I can’t vouch for how accurate “Helen” is in its portrayal of all of the symptoms and behavior involved and the professional attempts to deal with them. But I can vouch for the impressive performance by Judd as she gradually breaks down and has to realize the need for help when the depression reaches a head. Visnjic also makes us see the near impossibility of living with a depressed person. One may get impatient with David and at times feel that he needs to be more tolerant of his wife’s problems. Easy to say. Despite what David must endure, Visnjic brings out the deep feelings David has for Helen and his desire for them to have a life together. The film also pays attention to how the situation painfully affects Helen’s daughter (Alexia Fast).
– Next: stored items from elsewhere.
(* Let $y_0\approx1.35542$ be the second smallest real root of the polynomial $2y^3-9y^2+10y-2$ (its unique root in the interval $(1,2)$). Algorithm SIDLE with parameter $y=y_0$ is $\rho$-competitive for $1\mid t_j=1\mid\sum C_j$ with obligatory tests, regardless of the order in which it tests the jobs, where \[ \rho=\tfrac12\left(1-y_0+y_0^2+\sqrt{9-2y_0-y_0^2-2y_0^3+y_0^4}\right)\approx1.58451\le1.585. \]
   Context: Scheduling with obligatory tests and uniform test times: $n$ jobs on a single machine, each with test time $t_j=1$ and an unknown processing time $p_j\ge0$ revealed only when the test of $j$ completes. The test of a job must be executed before its processing part (which can be executed any time afterwards); operations are non-preemptive, one at a time. $C_j$ is the completion time of the processing part of $j$; objective $\sum_jC_j$. An algorithm is $\rho$-competitive if $\mathit{ALG}\le\rho\cdot\mathit{OPT}$ on every instance, where $\mathit{OPT}$ is the offline optimum (tests also obligatory). Algorithm SIDLE with parameter $y>0$: test the jobs one after another without idle time (in some order). When the test of job $j$ completes and reveals $p_j\le y$ (a short job), execute the processing part of $j$ immediately after its test, before the next test. If $p_j>y$ (a long job), defer its processing part. After all jobs have been tested and all short jobs executed, execute the processing parts of the long jobs in non-decreasing order of $p_j$. *)

theory Defs
  imports Complex_Main
begin

(* Instance: jobs 0..<n, each with test time 1 and processing time p j >= 0.
   A (non-preemptive, single-machine) schedule assigns to every job j a start time
   st j of its test (length 1) and a start time sp j of its processing part (length p j). *)
definition feasible_schedule ::
  "nat \<Rightarrow> (nat \<Rightarrow> real) \<Rightarrow> (nat \<Rightarrow> real) \<Rightarrow> (nat \<Rightarrow> real) \<Rightarrow> bool" where
  "feasible_schedule n p st sp \<longleftrightarrow>
     (\<forall>j<n. 0 \<le> st j \<and> st j + 1 \<le> sp j) \<and>
     (\<forall>i<n. \<forall>j<n. i \<noteq> j \<longrightarrow> st i + 1 \<le> st j \<or> st j + 1 \<le> st i) \<and>
     (\<forall>i<n. \<forall>j<n. i \<noteq> j \<longrightarrow> sp i + p i \<le> sp j \<or> sp j + p j \<le> sp i) \<and>
     (\<forall>i<n. \<forall>j<n. st i + 1 \<le> sp j \<or> sp j + p j \<le> st i)"

definition sched_cost :: "nat \<Rightarrow> (nat \<Rightarrow> real) \<Rightarrow> (nat \<Rightarrow> real) \<Rightarrow> real" where
  "sched_cost n p sp = (\<Sum>j<n. sp j + p j)"

definition OPT :: "nat \<Rightarrow> (nat \<Rightarrow> real) \<Rightarrow> real" where
  "OPT n p = Inf {sched_cost n p sp | st sp. feasible_schedule n p st sp}"

(* Algorithm SIDLE with threshold y.
   pos j  = position (0-based) of job j in the testing order (a bijection on {..<n});
   rk j   = rank used to order the deferred long jobs; it must list the long jobs in
            non-decreasing order of p (any tie-breaking is allowed).
   Tests are run back to back; a short job (p j <= y) is processed right after its test.
   After all tests and short jobs (time n + sum of short p), long jobs are processed in
   the order rk. *)
definition sidle_C ::
  "real \<Rightarrow> nat \<Rightarrow> (nat \<Rightarrow> real) \<Rightarrow> (nat \<Rightarrow> nat) \<Rightarrow> (nat \<Rightarrow> nat) \<Rightarrow> nat \<Rightarrow> real" where
  "sidle_C y n p pos rk j =
     (if p j \<le> y then
        real (pos j) + 1 + (\<Sum>i\<in>{i. i < n \<and> p i \<le> y \<and> pos i \<le> pos j}. p i)
      else
        real n + (\<Sum>i\<in>{i. i < n \<and> p i \<le> y}. p i)
          + (\<Sum>i\<in>{i. i < n \<and> y < p i \<and> rk i \<le> rk j}. p i))"

definition sidle_cost ::
  "real \<Rightarrow> nat \<Rightarrow> (nat \<Rightarrow> real) \<Rightarrow> (nat \<Rightarrow> nat) \<Rightarrow> (nat \<Rightarrow> nat) \<Rightarrow> real" where
  "sidle_cost y n p pos rk = (\<Sum>j<n. sidle_C y n p pos rk j)"

definition long_order_ok :: "real \<Rightarrow> nat \<Rightarrow> (nat \<Rightarrow> real) \<Rightarrow> (nat \<Rightarrow> nat) \<Rightarrow> bool" where
  "long_order_ok y n p rk \<longleftrightarrow> bij_betw rk {..<n} {..<n} \<and>
     (\<forall>i<n. \<forall>j<n. y < p i \<and> y < p j \<and> rk i < rk j \<longrightarrow> p i \<le> p j)"

end

theory Submission
  imports Defs
begin

(*
  In any feasible schedule a job completes no earlier than the total length (tests and
  processing parts) of the jobs finishing before it, so OPT is at least
  sum_j (1 + p_j) + sum over unordered pairs of (1 + min p_i p_j).  Under SIDLE every ordered
  pair of jobs causes a delay, and for each pair the two delays exceed (1 + d) times the
  pair's share of this bound by at most a bilinear expression in the coordinates
  (short?, processing time if short, long?) of the two jobs, where d = rho - 1.  Summed over
  all pairs these expressions form a quadratic form in the totals of the coordinates, which
  is positive semidefinite exactly because d is the positive root of
  d^2 + (1 + y - y^2) d + y - 2; the diagonal terms are absorbed by d * sum_j (1 + p_j).
  The cubic defining y0 only enters through the bounds 1.355 < y0 < 1.3555, which are what
  the final estimates need.
*)

lemma sum_Collect_lessThan:
  "sum f {i. i < (n::nat) \<and> P i} = (\<Sum>i<n. if P i then f i else 0)"
  by (simp add: sum.inter_filter[symmetric] Collect_conj_eq lessThan_def)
The one especially quirky aspect of the film is the understanding relationship that builds between Helen and a deeply disturbed student of hers. Lauren Lee Smith makes that character, Mathilda, as intriguing as she is messed up in an effective and affecting performance. I’m not convinced that some of the abrupt changes we see are accurate—I’d have to leave that to a professional familiar with such a depressive. But it is certainly possible. I will never forget an acquaintance who had been treated for depression and came to my apartment with her parents for dinner upon release from a hospital stay. She was effervescent about her new insights in life and enthusiastic about the future she now envisioned. Two weeks later she jumped off a bridge to her death.
“Helen” is a tough film to take, but a very worthy one, especially elevated by Judd’s bravura acting. An E1Entertainment release.